Step-by-step explanation:

Let upward be the positive direction. Under the assumptions, acceleration of the stone would be
`a = (-g) = (-9.81)\; {\rm m\cdot s^(-2)}` (negative since the stone is accelerating downward.)

The duration of the flight can be found in the following steps:

• Find velocity right before landing given displacement, initial velocity, and acceleration.
• Find duration of the flight from acceleration and the change in velocity.

In SUVAT equation
`v^(2) - u^(2) = 2\, a\, x`:

• 
  `v` is the final velocity right before landing (needs to be found,)
• 
  `u = 15.5\; {\rm m\cdot s^(-1)}` is the initial velocity,
• 
  `a = (-9.81)\; {\rm m\cdot s^(-2)}` is acceleration, and
• 
  `x = (-75.0)\; {\rm m}` is displacement (downward because the stone landed below where it was launched.)

Rearrange this equation to find
`v`:

`\begin{aligned}v &= \sqrt{u^(2) + 2\, a\, x} \\ &= \sqrt{(15.5)^(2) + 2\, (-9.81)\, (-75.0)} \; {\rm m\cdot s^(-1)} \\ &\approx -40.05\; {\rm m\cdot s^(-1)}\end{aligned}`.

In other words, the velocity of this stone has changed from the initial value of
`u = (15.5)\; {\rm m\cdot s^(-1)}` to
`v \approx (-40.05)\; {\rm m\cdot s^(-1)}` during the flight.
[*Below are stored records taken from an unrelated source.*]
(* Let $n=p^k$, where $p$ is an odd prime and $k>2$ is an integer, and let $G=\langle p^{k-1}-1\rangle$ be the subgroup of $\mathbb{Z}_n^\times$ generated by $p^{k-1}-1$. Then the coset index function $f_G$ is a $\left(p^k,\frac{2p^{k-1}-p^{k-2}+1}{2},\{1,p,p^k-p^{k-1}+1\}\right)$ zero-difference function.
   Context: For a subgroup $G$ of $\mathbb{Z}_n^\times$ and $r\in\mathbb{Z}_n$, the coset $rG=\{rg\mid g\in G\}$; these cosets partition $\mathbb{Z}_n$, forming a set $D_G$. The coset index function induced by $G$ is $f_G:\mathbb{Z}_n\to\mathbb{Z}_{|D_G|}$, $f_G(x)=h_G(C_x)$, where $C_x$ is the coset containing $x$ and $h_G:D_G\to\mathbb{Z}_{|D_G|}$ is a fixed bijection. A function $f:A\to B$ between finite abelian groups is an $(n,m,S)$ zero-difference function if $n=|A|$, $m=|f(A)|$, and for every nonzero $a\in A$, $|\{x\in A\mid f(x+a)=f(x)\}|\in S$. Here $A=(\mathbb{Z}_n,+)$. *)

theory Defs
  imports Main "HOL-Computational_Algebra.Primes"
begin

text \<open>Z_n is modelled by the residues {0..<n} (type nat) with arithmetic mod n.\<close>

text \<open>Subgroup of Z_n^x generated by a unit g: in a finite group this is the set of
  all nonnegative powers of g.\<close>
definition cyc_subgroup :: "nat \<Rightarrow> nat \<Rightarrow> nat set" where
  "cyc_subgroup n g = {(g ^ i) mod n | i. True}"

definition coset_of :: "nat \<Rightarrow> nat set \<Rightarrow> nat \<Rightarrow> nat set" where
  "coset_of n G r = {(r * g) mod n | g. g \<in> G}"

definition cosets_D :: "nat \<Rightarrow> nat set \<Rightarrow> nat set set" where
  "cosets_D n G = {coset_of n G r | r. r < n}"

definition coset_index_fun :: "nat \<Rightarrow> nat set \<Rightarrow> (nat set \<Rightarrow> nat) \<Rightarrow> nat \<Rightarrow> nat" where
  "coset_index_fun n G h x = h (coset_of n G x)"

definition zero_difference_fun :: "nat \<Rightarrow> nat \<Rightarrow> nat set \<Rightarrow> (nat \<Rightarrow> nat) \<Rightarrow> bool" where
  "zero_difference_fun n m S f \<longleftrightarrow>
     card (f ` {0..<n}) = m \<and>
     (\<forall>a \<in> {0..<n}. a \<noteq> 0 \<longrightarrow>
        card {x \<in> {0..<n}. f ((x + a) mod n) = f x} \<in> S)"

end

theory Submission
  imports Defs "HOL-Number_Theory.Cong" Complex_Main
begin

(*
  Write n = p^k and q = p^(k-1), so that q^2 = 0 (mod n). Then (q - 1)^2 = 1 - 2q (mod n), so the
  even powers of q - 1 are the residues 1 - 2iq; as 2 is invertible modulo p they exhaust the
  residues s = 1 (mod q), and the odd powers exhaust s = -1 (mod q). Hence the coset of x is
  {y. y = +-x (mod q)}, of size 2p, if p does not divide x, and {x, -x} if it does. Summing
  1/|xG| over Z_n counts the cosets: 1 + (q - 1)/2 + (n - q)/(2p) = (2q - p^(k-2) + 1)/2.
  A shift x + a lies in xG iff q divides a or 2x + a (x a unit), resp. n divides 2x + a (p | x);
  counting solutions gives p, 1 or n - q + 1 according as p does not divide a, p but not q
  divides a, or q divides a.
*)

section \<open>Residue classes below a multiple of the modulus\<close>

lemma card_cong_less_mult:
  fixes d m c :: nat
  assumes "0 < d"
  shows "card {x. x < m * d \<and> [x = c] (mod d)} = m"
proof -
  have "{x. x < m * d \<and> [x = c] (mod d)} = (\<lambda>i. c mod d + i * d) ` {..<m}"
  proof (rule set_eqI, rule iffI)
    fix x assume x: "x \<in> {x. x < m * d \<and> [x = c] (mod d)}"
    then have "x mod d = c mod d" and "x div d \<in> {..<m}"
      by (auto simp: cong_def less_mult_imp_div_less)
    moreover from this(1) have "x = c mod d + x div d * d" by (metis mod_div_mult_eq)
    ultimately show "x \<in> (\<lambda>i. c mod d + i * d) ` {..<m}" by blast
  next
    fix x assume "x \<in> (\<lambda>i. c mod d + i * d) ` {..<m}"
    then obtain i where "i < m" and x: "x = c mod d + i * d" by blast
    then have "x < Suc i * d" using assms by simp
    also have "\<dots> \<le> m * d" using \<open>i < m\<close> by (intro mult_le_mono1) simp
    finally show "x \<in> {x. x < m * d \<and> [x = c] (mod d)}" by (simp add: x cong_def)
  qed
  moreover have "inj_on (\<lambda>i. c mod d + i * d) {..<m}" using assms by (intro inj_onI) simp
  ultimately show ?thesis by (simp add: card_image)
qed
lemma exponential_form_on:
  assumes "convex s"
    and region: "s \<subseteq> {0..d} \<and> R = 0 \<or> s \<subseteq> {d<..} \<and> R = 1"
    and control: "(\<forall>x\<in>s. - \<beta> \<le> h1 x) \<and> u = u0 \<or> (\<forall>x\<in>s. h1 x \<le> - \<beta>) \<and> u = 0"
  shows "\<exists>A B. \<forall>x\<in>s. h x = (\<beta> * u - R) / r
           + A * exp (theta1 \<mu> \<sigma> r u * x) + B * exp (- theta2 \<mu> \<sigma> r u * x)"
proof (rule constant_control_hjb_solution[OF sigma_pos r_pos \<open>convex s\<close>])
  fix x assume "x \<in> s"
  from region consider "s \<subseteq> {0..d}" "R = 0" | "s \<subseteq> {d<..}" "R = 1"
    by blast
  note cases_region = this
  then have "0 \<le> x"
    using \<open>x \<in> s\<close> d_pos by cases auto
  show "(h has_real_derivative h1 x) (at x within s)"
    by (rule DERIV_subset[OF h_deriv[OF \<open>0 \<le> x\<close>]]) (use cases_region d_pos in \<open>cases; auto\<close>)
  show "(h1 has_real_derivative h2 x) (at x within s)"
    using cases_region
  proof cases
    case 1
    then show ?thesis
      using DERIV_subset h1_deriv_le_d \<open>x \<in> s\<close> by blast
  next
    case 2
    then show ?thesis
      using has_field_derivative_at_within h1_deriv_gt_d \<open>x \<in> s\<close> by blast
  qed
  have "(if d < x then 1 else 0) = R"
    using cases_region \<open>x \<in> s\<close> by cases auto
  moreover from control consider "- \<beta> \<le> h1 x" "u = u0" | "h1 x \<le> - \<beta>" "u = 0"
    using \<open>x \<in> s\<close> by blast
  then have "max (\<beta> + h1 x) 0 * u0 = (\<beta> + h1 x) * u"
    by cases (auto simp: max_def)
  ultimately show "- r * h x - \<mu> * h1 x + \<sigma>\<^sup>2 / 2 * h2 x + (\<beta> + h1 x) * u = R"
    using hjb_max[OF \<open>0 \<le> x\<close>] by simp
qed

lemma piecewise_exponential_form:
  assumes "h1 0 = 0"
  shows "\<exists>zf zg A1 B1 A2 B2 a1 b1 a2 b2. zf \<in> {0<..d} \<and> zg \<in> {d..} \<and>
    (\<forall>z. 0 \<le> z \<and> z \<le> zf \<longrightarrow>
       h z = \<beta> * u0 / r + A2 * exp (theta1 \<mu> \<sigma> r u0 * z) + B2 * exp (- theta2 \<mu> \<sigma> r u0 * z)) \<and>
    (\<forall>z. zf < z \<and> z \<le> d \<longrightarrow>
       h z = A1 * exp (theta1 \<mu> \<sigma> r 0 * z) + B1 * exp (- theta2 \<mu> \<sigma> r 0 * z)) \<and>
    (\<forall>z. d < z \<and> z \<le> zg \<longrightarrow>
       h z = - 1 / r + a1 * exp (theta1 \<mu> \<sigma> r 0 * z) + b1 * exp (- theta2 \<mu> \<sigma> r 0 * z)) \<and>
    (\<forall>z. zg \<le> z \<and> d < z \<longrightarrow>
       h z = (\<beta> * u0 - 1) / r + a2 * exp (theta1 \<mu> \<sigma> r u0 * z) + b2 * exp (- theta2 \<mu> \<sigma> r u0 * z))"
proof -
  obtain zf where zf: "zf \<in> {0<..d}" "\<forall>z\<in>{0..zf}. - \<beta> \<le> h1 z" "\<forall>z\<in>{zf<..d}. h1 z \<le> - \<beta>"
    using h1_crossing_in_0_d[OF assms] by blast
  obtain zg where zg: "d \<le> zg" "\<forall>z\<in>{d<..zg}. h1 z \<le> - \<beta>" "\<forall>z. zg \<le> z \<and> d < z \<longrightarrow> - \<beta> \<le> h1 z"
    using h1_crossing_above_d by blast
  have on_0_zf: "\<exists>A B. \<forall>x\<in>{0..zf}. h x = (\<beta> * u0 - 0) / r
          + A * exp (theta1 \<mu> \<sigma> r u0 * x) + B * exp (- theta2 \<mu> \<sigma> r u0 * x)"
    by (rule exponential_form_on) (use zf in auto)
  have on_zf_d: "\<exists>A B. \<forall>x\<in>{zf<..d}. h x = (\<beta> * 0 - 0) / r
          + A * exp (theta1 \<mu> \<sigma> r 0 * x) + B * exp (- theta2 \<mu> \<sigma> r 0 * x)"
    by (rule exponential_form_on) (use zf in auto)
  have on_d_zg: "\<exists>A B. \<forall>x\<in>{d<..zg}. h x = (\<beta> * 0 - 1) / r
          + A * exp (theta1 \<mu> \<sigma> r 0 * x) + B * exp (- theta2 \<mu> \<sigma> r 0 * x)"
    by (rule exponential_form_on) (use zg in auto)
  have on_zg: "\<exists>A B. \<forall>x\<in>{zg..} \<inter> {d<..}. h x = (\<beta> * u0 - 1) / r
          + A * exp (theta1 \<mu> \<sigma> r u0 * x) + B * exp (- theta2 \<mu> \<sigma> r u0 * x)"
    by (rule exponential_form_on) (use zg in \<open>auto simp: convex_Int\<close>)
  show ?thesis
    using zf(1) zg(1) on_0_zf on_zf_d on_d_zg on_zg
    by (simp only: Ball_def Int_iff atLeast_iff greaterThan_iff atLeastAtMost_iff
        greaterThanAtMost_iff mult_zero_right diff_zero diff_0 div_0 add_0_left) blast
qed

end

theorem lemma2p3:
  fixes \<mu> \<sigma> u0 r \<beta> d :: real and h :: "real \<Rightarrow> real"
  assumes "\<sigma> > 0" "u0 > 0" "r > 0" "\<beta> > 0" "d > 0"
    and sol: "hjb_solution \<mu> \<sigma> u0 r \<beta> d h"
    and decr: "\<forall>x y. 0 \<le> x \<and> x \<le> y \<longrightarrow> h y \<le> h x"
    and h'0: "(h has_real_derivative 0) (at 0 within {0..})"
  shows "\<exists>zf zg A1 B1 A2 B2 a1 b1 a2 b2. zf \<in> {0<..d} \<and> zg \<in> {d..} \<and>
    (\<forall>z. 0 \<le> z \<and> z \<le> zf \<longrightarrow>
       h z = \<beta> * u0 / r + A2 * exp (theta1 \<mu> \<sigma> r u0 * z) + B2 * exp (- theta2 \<mu> \<sigma> r u0 * z)) \<and>
    (\<forall>z. zf < z \<and> z \<le> d \<longrightarrow>
       h z = A1 * exp (theta1 \<mu> \<sigma> r 0 * z) + B1 * exp (- theta2 \<mu> \<sigma> r 0 * z)) \<and>
    (\<forall>z. d < z \<and> z \<le> zg \<longrightarrow>
       h z = - 1 / r + a1 * exp (theta1 \<mu> \<sigma> r 0 * z) + b1 * exp (- theta2 \<mu> \<sigma> r 0 * z)) \<and>
    (\<forall>z. zg \<le> z \<and> d < z \<longrightarrow>
       h z = (\<beta> * u0 - 1) / r + a2 * exp (theta1 \<mu> \<sigma> r u0 * z) + b2 * exp (- theta2 \<mu> \<sigma> r u0 * z))"
proof -
  obtain h1 h2 where "hjb_classical_solution \<mu> \<sigma> u0 r \<beta> d h h1 h2"
    using sol assms(1-5) unfolding hjb_solution_def hjb_classical_solution_def by blast
  then interpret hjb_classical_solution \<mu> \<sigma> u0 r \<beta> d h h1 h2 .
  have "(h has_real_derivative h1 0) (at 0 within {0..1})"
    and "(h has_real_derivative 0) (at 0 within {0..1})"
    using DERIV_subset[OF h_deriv[of 0]] DERIV_subset[OF h'0] by auto
  then have "h1 0 = 0"
    by (rule has_field_derivative_unique) (simp add: at_within_Icc_at_right)
  then show ?thesis
    by (rule piecewise_exponential_form)
qed

end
Divide the change in velocity by acceleration
`a = (-9.81)\; {\rm m\cdot s^(-2)}` (the rate of change in velocity) to find the duration of the flight:

`\begin{aligned}t &= (v - u)/(a) \\ &\approx ((-40.05) - (15.5))/((-9.81))\; {\rm s} \\ &\approx 5.66\; {\rm s}\end{aligned}`.

In other words, the stone would be in the air for approximately
`5.66\; {\rm s}`.